1Não é nosso objeto trazer a baila a trajetória das respostas políticas neste campo, mas devemos apenas lembrar que o país sofreu fortes pressões das agencias internacionais, como as Nações Unidas e o Banco Mundial, que veicularam os interesses dos países capitalistas centrais na ingerência para formulação de políticas de populações. Nos referimos ao período conhecido pela hegemonia das teses neomalthusianas; como exemplo: a expansão e intervenção da Associação de Bem Estar Familiar do Brasil (Benfam) na saúde das mulheres das classes trabalhadoras. Em contraponto, a emergência de estudiosos nas universidades e centros de estudos públicos brasileiros que resistiram e impulsionaram, de modo crítico, introduzindo demografia brasileira (Carvalho e Brito, 2005; Paiva e Wajnman, 2005)

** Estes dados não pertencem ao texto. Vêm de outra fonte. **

(* Let $X$ be a super $X$-set parameter, let $t\ge 0$ be an integer, let $G$ be a graph, and let $H$ be an induced subgraph of $\mathfrak{X}(G)$ with $H\cong Q_t$. Then there are $X$-sets $S\subseteq T$ of $G$ with $|T\setminus S|=t$ such that $V(H)=\{R: S\subseteq R\subseteq T\}$; i.e., $V(H)$ is an interval of length $t$ in the poset $(\mathcal{P}(V(G)),\subseteq)$.
   Context: All graphs are finite, simple, undirected, with nonempty vertex set. A super $X$-set parameter $X$ assigns to each graph $G$ a family of subsets of $V(G)$, called the $X$-sets of $G$, such that: every graph isomorphism maps $X$-sets to $X$-sets; every graph has at least one $X$-set; and (Superset) if $S$ is an $X$-set of $G$ and $S\subseteq S'\subseteq V(G)$, then $S'$ is an $X$-set of $G$. The $X$-TAR graph $\mathfrak{X}(G)$ has as vertices the $X$-sets of $G$, with $S_1S_2$ an edge iff $|S_1\ominus S_2|=1$. $Q_t$ is the $t$-dimensional hypercube. *)

theory Defs
  imports Main
begin

type_synonym 'v graph = "'v set \<times> 'v set set"

definition verts :: "'v graph \<Rightarrow> 'v set" where "verts G = fst G"
definition edges :: "'v graph \<Rightarrow> 'v set set" where "edges G = snd G"

definition is_graph :: "'v graph \<Rightarrow> bool" where
  "is_graph G \<longleftrightarrow> finite (verts G) \<and> verts G \<noteq> {} \<and>
     (\<forall>e\<in>edges G. e \<subseteq> verts G \<and> card e = 2)"

definition graph_iso_map :: "('v \<Rightarrow> 'w) \<Rightarrow> 'v graph \<Rightarrow> 'w graph \<Rightarrow> bool" where
  "graph_iso_map f G H \<longleftrightarrow> bij_betw f (verts G) (verts H) \<and>
     (\<forall>u\<in>verts G. \<forall>v\<in>verts G. {u, v} \<in> edges G \<longleftrightarrow> {f u, f v} \<in> edges H)"

definition graph_isomorphic :: "'v graph \<Rightarrow> 'w graph \<Rightarrow> bool" where
  "graph_isomorphic G H \<longleftrightarrow> (\<exists>f. graph_iso_map f G H)"

definition induced_subgraph :: "'v set \<Rightarrow> 'v graph \<Rightarrow> 'v graph" where
  "induced_subgraph W G = (W, {e \<in> edges G. e \<subseteq> W})"

definition is_induced_subgraph :: "'v graph \<Rightarrow> 'v graph \<Rightarrow> bool" where
  "is_induced_subgraph H G \<longleftrightarrow>
     (\<exists>W. W \<subseteq> verts G \<and> W \<noteq> {} \<and> H = induced_subgraph W G)"

definition sym_diff :: "'a set \<Rightarrow> 'a set \<Rightarrow> 'a set" where
  "sym_diff A B = (A - B) \<union> (B - A)"

text \<open>Super X-set parameter, restricted to graphs whose vertices come from type 'v.\<close>
definition super_X_param :: "('v graph \<Rightarrow> 'v set set) \<Rightarrow> bool" where
  "super_X_param X \<longleftrightarrow>
     (\<forall>G. is_graph G \<longrightarrow> X G \<subseteq> Pow (verts G) \<and> X G \<noteq> {} \<and>
        (\<forall>S\<in>X G. \<forall>S'. S \<subseteq> S' \<and> S' \<subseteq> verts G \<longrightarrow> S' \<in> X G)) \<and>
     (\<forall>G G' f. is_graph G \<and> is_graph G' \<and> graph_iso_map f G G' \<longrightarrow>
        (\<forall>S\<in>X G. f ` S \<in> X G'))"

definition TAR_graph :: "('v graph \<Rightarrow> 'v set set) \<Rightarrow> 'v graph \<Rightarrow> 'v set graph" where
  "TAR_graph X G = (X G,
     {{S1, S2} | S1 S2. S1 \<in> X G \<and> S2 \<in> X G \<and> card (sym_diff S1 S2) = 1})"

definition hypercube :: "nat \<Rightarrow> nat set graph" where
  "hypercube t = (Pow {..<t},
     {{A, B} | A B. A \<subseteq> {..<t} \<and> B \<subseteq> {..<t} \<and> card (sym_diff A B) = 1})"

end

theory Submission
  imports Defs
begin

text \<open>Label the cube edge A -- A \<union> {i} by the single element in which its two
  endpoint sets differ. Opposite edges of a square carry the same label, so by induction on A
  the label depends only on i; call it d i. Hence the copy of Q_t consists of the sets
  g \<ominus> d ` A for A \<subseteq> {..<t} with d injective, and such a family is exactly the interval
  from g - D to g \<union> D, where D = d ` {..<t}.\<close>

lemma sym_diff_commute: "sym_diff A B = sym_diff B A"
  unfolding sym_diff_def by blast

lemma sym_diff_assoc: "sym_diff (sym_diff A B) C = sym_diff A (sym_diff B C)"
  unfolding sym_diff_def by blast

lemma sym_diff_left_cancel: "sym_diff A B = sym_diff A C \<longleftrightarrow> B = C"
  unfolding sym_diff_def by blast

lemma sym_diff_eq_iff: "sym_diff A B = C \<longleftrightarrow> B = sym_diff A C"
  unfolding sym_diff_def by blast

lemma sym_diff_insert_singleton: "sym_diff A (insert i A) = {i} \<longleftrightarrow> i \<notin> A"
  unfolding sym_diff_def by blast

lemma sym_diff_insert_disjoint:
  "y \<notin> D \<Longrightarrow> sym_diff (sym_diff A D) {y} = sym_diff A (insert y D)"
  unfolding sym_diff_def by blast

lemma sym_diff_image_Pow:
  "(\<lambda>B. sym_diff C B) ` Pow D = {R. C - D \<subseteq> R \<and> R \<subseteq> C \<union> D}"
proof (intro equalityI subsetI)
  fix R assume "R \<in> {R. C - D \<subseteq> R \<and> R \<subseteq> C \<union> D}"
  then have "sym_diff C R \<in> Pow D" and "R = sym_diff C (sym_diff C R)"
    unfolding sym_diff_def by auto
  then show "R \<in> (\<lambda>B. sym_diff C B) ` Pow D" by blast
qed (auto simp: sym_diff_def)

lemma sym_diff_square_label:
  assumes "sym_diff A B = {x}" "sym_diff A C = {y}" "sym_diff B E = {z}" "sym_diff C E = {w}"
    and "B \<noteq> C" "A \<noteq> E"
  shows "w = x"
proof -
  have B_eq: "B = sym_diff A {x}" and C_eq: "C = sym_diff A {y}"
    using assms(1,2) by (simp_all add: sym_diff_eq_iff)
  have E_eq_B: "E = sym_diff B {z}" and E_eq_C: "E = sym_diff C {w}"
    using assms(3,4) by (simp_all add: sym_diff_eq_iff)
  have "x \<noteq> y" using B_eq C_eq assms(5) by blast
  have "x \<noteq> z" using E_eq_B B_eq assms(6) unfolding sym_diff_def by blast
  have "sym_diff A (sym_diff {x} {z}) = sym_diff A (sym_diff {y} {w})"
    using E_eq_B E_eq_C B_eq C_eq sym_diff_assoc by metis
  then have "sym_diff {x} {z} = sym_diff {y} {w}" by (simp only: sym_diff_left_cancel)
  then show ?thesis using \<open>x \<noteq> y\<close> \<open>x \<noteq> z\<close> unfolding sym_diff_def by blast
qed

lemma cube_embedding_edge_label:
  fixes g :: "nat set \<Rightarrow> 'v set"
  assumes inj: "inj_on g (Pow {..<t})"
    and adj: "\<And>A B. A \<subseteq> {..<t} \<Longrightarrow> B \<subseteq> {..<t} \<Longrightarrow>
               card (sym_diff A B) = 1 \<longleftrightarrow> card (sym_diff (g A) (g B)) = 1"
    and "A \<subseteq> {..<t}" "i < t" "i \<notin> A"
  shows "sym_diff (g A) (g (insert i A)) = {the_elem (sym_diff (g {}) (g {i}))}"
proof -
  have flip: "\<exists>x. sym_diff (g A) (g (insert i A)) = {x}"
    if "A \<subseteq> {..<t}" "i < t" "i \<notin> A" for A i
  proof -
    have "card (sym_diff A (insert i A)) = 1"
      using that(3) sym_diff_insert_singleton[of A i] by simp
    then have "card (sym_diff (g A) (g (insert i A))) = 1" using adj that by simp
    then show ?thesis by (simp add: card_1_singleton_iff)
  qed
  define d where "d i = the_elem (sym_diff (g {}) (g {i}))" for i
  have "finite A" using \<open>A \<subseteq> {..<t}\<close> finite_subset by blast
  then have "\<forall>i<t. i \<notin> A \<longrightarrow> sym_diff (g A) (g (insert i A)) = {d i}"
    using \<open>A \<subseteq> {..<t}\<close>
  proof (induction A rule: finite_induct)
    case empty
    show ?case unfolding d_def using flip[of "{}"] by fastforce
  next
    case (insert j A)
    show ?case
    proof (intro allI impI)
      fix i assume i: "i < t" "i \<notin> insert j A"
      have A: "A \<subseteq> {..<t}" "j < t" using insert.prems by auto
      have ab: "sym_diff (g A) (g (insert i A)) = {d i}"
        and ac: "sym_diff (g A) (g (insert j A)) = {d j}"
        using insert.IH[OF A(1)] A(2) i insert.hyps by auto
      obtain z where be: "sym_diff (g (insert i A)) (g (insert j (insert i A))) = {z}"
        using flip[of "insert i A" j] A i insert.hyps by auto
      obtain w where ce: "sym_diff (g (insert j A)) (g (insert i (insert j A))) = {w}"
        using flip[of "insert j A" i] A i insert.hyps by auto
      have "g (insert i A) \<noteq> g (insert j A)"
        using inj_onD[OF inj, of "insert i A" "insert j A"] A i insert.hyps by auto
      moreover have "g A \<noteq> g (insert j (insert i A))"
        using inj_onD[OF inj, of A "insert j (insert i A)"] A i insert.hyps by auto
      ultimately have "w = d i"
        using sym_diff_square_label[OF ab ac be] ce by (simp add: insert_commute)
      then show "sym_diff (g (insert j A)) (g (insert i (insert j A))) = {d i}" using ce by simp
    qed
  qed
  then show ?thesis using assms(4,5) unfolding d_def by blast
qed

lemma cube_embedding_translate:
  fixes g :: "nat set \<Rightarrow> 'v set"
  assumes inj: "inj_on g (Pow {..<t})"
    and adj: "\<And>A B. A \<subseteq> {..<t} \<Longrightarrow> B \<subseteq> {..<t} \<Longrightarrow>
               card (sym_diff A B) = 1 \<longleftrightarrow> card (sym_diff (g A) (g B)) = 1"
  obtains d where "inj_on d {..<t}" "\<And>A. A \<subseteq> {..<t} \<Longrightarrow> g A = sym_diff (g {}) (d ` A)"
proof
  define d where "d i = the_elem (sym_diff (g {}) (g {i}))" for i
  have label: "sym_diff (g A) (g (insert i A)) = {d i}" if "A \<subseteq> {..<t}" "i < t" "i \<notin> A" for A i
    unfolding d_def by (rule cube_embedding_edge_label[OF inj adj that])
  show inj_d: "inj_on d {..<t}"
  proof
    fix i j assume ij: "i \<in> {..<t}" "j \<in> {..<t}" "d i = d j"
    then have "sym_diff (g {}) (g {i}) = sym_diff (g {}) (g {j})" using label[of "{}"] by auto
    then have "g {i} = g {j}" by (simp only: sym_diff_left_cancel)
    then show "i = j" using inj_onD[OF inj] ij by auto
  qed
  fix A assume A: "A \<subseteq> {..<t}"
  have "finite A" using A finite_subset by blast
  from \<open>finite A\<close> A show "g A = sym_diff (g {}) (d ` A)"
  proof (induction A rule: finite_induct)
    case empty
    then show ?case unfolding sym_diff_def by simp
  next
    case (insert i A)
    have "g (insert i A) = sym_diff (g A) {d i}"
      using label[of A i] insert by (simp add: sym_diff_eq_iff)
    moreover have "d i \<notin> d ` A"
      using inj_d insert.prems insert.hyps by (auto dest: inj_onD)
    ultimately show ?case using insert by (simp add: sym_diff_insert_disjoint)
  qed
qed

lemma cube_embedding_image_interval:
  fixes g :: "nat set \<Rightarrow> 'v set"
  assumes "inj_on g (Pow {..<t})"
    and "\<And>A B. A \<subseteq> {..<t} \<Longrightarrow> B \<subseteq> {..<t} \<Longrightarrow>
               card (sym_diff A B) = 1 \<longleftrightarrow> card (sym_diff (g A) (g B)) = 1"
  obtains S T where "S \<subseteq> T" "card (T - S) = t" "g ` Pow {..<t} = {R. S \<subseteq> R \<and> R \<subseteq> T}"
proof -
  obtain d where inj_d: "inj_on d {..<t}"
    and g: "\<And>A. A \<subseteq> {..<t} \<Longrightarrow> g A = sym_diff (g {}) (d ` A)"
    using cube_embedding_translate[OF assms] by blast
  define D where "D = d ` {..<t}"
  have "g ` Pow {..<t} = (\<lambda>A. sym_diff (g {}) (d ` A)) ` Pow {..<t}"
    \<comment> \<open>not by simp with g: as a rewrite rule g loops on g {}\<close>
    by (rule image_cong[OF refl], rule g) simp
  also have "\<dots> = (\<lambda>B. sym_diff (g {}) B) ` (image d ` Pow {..<t})"
    by (simp only: image_image)
  also have "\<dots> = (\<lambda>B. sym_diff (g {}) B) ` Pow D"
    unfolding D_def by (simp only: image_Pow_surj)
  also have "\<dots> = {R. g {} - D \<subseteq> R \<and> R \<subseteq> g {} \<union> D}"
    by (rule sym_diff_image_Pow)
  finally have "g ` Pow {..<t} = {R. g {} - D \<subseteq> R \<and> R \<subseteq> g {} \<union> D}" .
  moreover have "(g {} \<union> D) - (g {} - D) = D" by blast
  moreover have "card D = t" using inj_d by (simp add: D_def card_image)
  ultimately show thesis using that[of "g {} - D" "g {} \<union> D"] by auto
qed

lemma hypercube_edge_iff:
  assumes "A \<subseteq> {..<t}" "B \<subseteq> {..<t}"
  shows "{A, B} \<in> edges (hypercube t) \<longleftrightarrow> card (sym_diff A B) = 1"
  using assms unfolding hypercube_def edges_def
  by (auto simp: doubleton_eq_iff sym_diff_commute)

lemma TAR_graph_edge_iff:
  assumes "S1 \<in> X G" "S2 \<in> X G"
  shows "{S1, S2} \<in> edges (TAR_graph X G) \<longleftrightarrow> card (sym_diff S1 S2) = 1"
  using assms unfolding TAR_graph_def edges_def
  by (auto simp: doubleton_eq_iff sym_diff_commute)

lemma induced_hypercube_in_TAR_graph:
  assumes "is_induced_subgraph H (TAR_graph X G)" "graph_isomorphic H (hypercube t)"
  obtains g where "bij_betw g (Pow {..<t}) (verts H)" "verts H \<subseteq> X G"
    "\<And>A B. A \<subseteq> {..<t} \<Longrightarrow> B \<subseteq> {..<t} \<Longrightarrow>
       card (sym_diff A B) = 1 \<longleftrightarrow> card (sym_diff (g A) (g B)) = 1"
proof -
  obtain W where W: "W \<subseteq> X G" "H = induced_subgraph W (TAR_graph X G)"
    using assms(1) unfolding is_induced_subgraph_def by (auto simp: verts_def TAR_graph_def)
  then have vH: "verts H = W" and eH: "edges H = {e \<in> edges (TAR_graph X G). e \<subseteq> W}"
    unfolding induced_subgraph_def verts_def edges_def by simp_all
  obtain f where bf: "bij_betw f W (Pow {..<t})"
    and ef: "\<And>u v. u \<in> W \<Longrightarrow> v \<in> W \<Longrightarrow> {u, v} \<in> edges H \<longleftrightarrow> {f u, f v} \<in> edges (hypercube t)"
    using assms(2) unfolding graph_isomorphic_def graph_iso_map_def vH
    by (auto simp: verts_def hypercube_def)
  define g where "g = inv_into W f"
  have bg: "bij_betw g (Pow {..<t}) W" unfolding g_def by (rule bij_betw_inv_into[OF bf])
  have fg: "f (g A) = A" if "A \<subseteq> {..<t}" for A
    unfolding g_def using bf that by (simp add: bij_betw_def f_inv_into_f)
  have gW: "g A \<in> W" if "A \<subseteq> {..<t}" for A using bg that by (auto simp: bij_betw_def)
  have adj: "card (sym_diff A B) = 1 \<longleftrightarrow> card (sym_diff (g A) (g B)) = 1"
    if "A \<subseteq> {..<t}" "B \<subseteq> {..<t}" for A B
  proof -
    have "card (sym_diff A B) = 1 \<longleftrightarrow> {f (g A), f (g B)} \<in> edges (hypercube t)"
      using hypercube_edge_iff[OF that] fg that by simp
    also have "\<dots> \<longleftrightarrow> {g A, g B} \<in> edges (TAR_graph X G)"
      using ef[of "g A" "g B"] gW that eH by simp
    also have "\<dots> \<longleftrightarrow> card (sym_diff (g A) (g B)) = 1"
      using gW that W(1) by (intro TAR_graph_edge_iff) auto
    finally show ?thesis .
  qed
  from bg W(1) adj show thesis unfolding vH[symmetric] by (rule that)
qed

theorem lemma2p21:
  fixes X :: "'v graph \<Rightarrow> 'v set set"
    and G :: "'v graph"
    and H :: "'v set graph"
    and t :: nat
  assumes "super_X_param X"
    and "is_graph G"
    and "is_induced_subgraph H (TAR_graph X G)"
    and "graph_isomorphic H (hypercube t)"
  shows "\<exists>S T. S \<in> X G \<and> T \<in> X G \<and> S \<subseteq> T \<and> card (T - S) = t \<and>
           verts H = {R. S \<subseteq> R \<and> R \<subseteq> T}"
proof -
  obtain g where g: "bij_betw g (Pow {..<t}) (verts H)" and HX: "verts H \<subseteq> X G"
    and adj: "\<And>A B. A \<subseteq> {..<t} \<Longrightarrow> B \<subseteq> {..<t} \<Longrightarrow>
       card (sym_diff A B) = 1 \<longleftrightarrow> card (sym_diff (g A) (g B)) = 1"
    using induced_hypercube_in_TAR_graph[OF assms(3,4)] by blast
  obtain S T where "S \<subseteq> T" "card (T - S) = t" and I: "g ` Pow {..<t} = {R. S \<subseteq> R \<and> R \<subseteq> T}"
    using cube_embedding_image_interval[OF bij_betw_imp_inj_on[OF g] adj] by blast
  moreover have H: "verts H = {R. S \<subseteq> R \<and> R \<subseteq> T}" using g I by (simp add: bij_betw_def)
  moreover have "S \<in> X G" "T \<in> X G" using HX H \<open>S \<subseteq> T\<close> by auto
  ultimately show ?thesis by blast
qed

end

2“Segundo a agencia do governo da Califórnia, Brasil e outros países do terceiro mundo recebem lixo eletrônico, que tem como componentes tóxicos como chumbo e mercúrio” (Folha de São Paulo04/02/2009). Esta matéria pontua um tema muito caro para a saúde pública, a relação entre a pressão do mercado para renovação dos equipamentos eletrônicos e os interesses da acumulação de capital.
3Os serviços na cidade do Rio de Janeiro compreendem: o IG/UFRJ, o Hospital do Andaraí, Hospital Geral de Bonsucesso, Instituto Fernandes Figueira – IFF/FIOCRUZ, Hospital Universitário Pedro Ernesto da Universidade Estadual do Rio de Janeiro/UERJ e o Hospital Universitário Antônio Pedro da Universidade Federal Fluminense – UFF.
4“O acesso aos serviços do Instituto de Ginecologia da UFRJ” – Relatório da Triagem. Fatima de Maria Masson (Assistente social) e Roberto Pichinisk ( Médico residente). Janeiro de 2003.
5A Organização Mundial da Saúde – OMS considera que 8% a 15% dos casais têm algum problema de infertilidade durante sua vida fértil. E define que a infertilidade pela ausência de gravidez após 12 (doze) meses de relações sexuais regulares, sem uso de contracepção.
Souza, MCB; Vitorino, RL. A abordagem em infertilidade. Femina.2008; 36, p. 603-09, 2008.
Souza MCB, Mancebo, ACA. Saúde Ambiental. J Bras Rep Assist.2005;9, p. 6.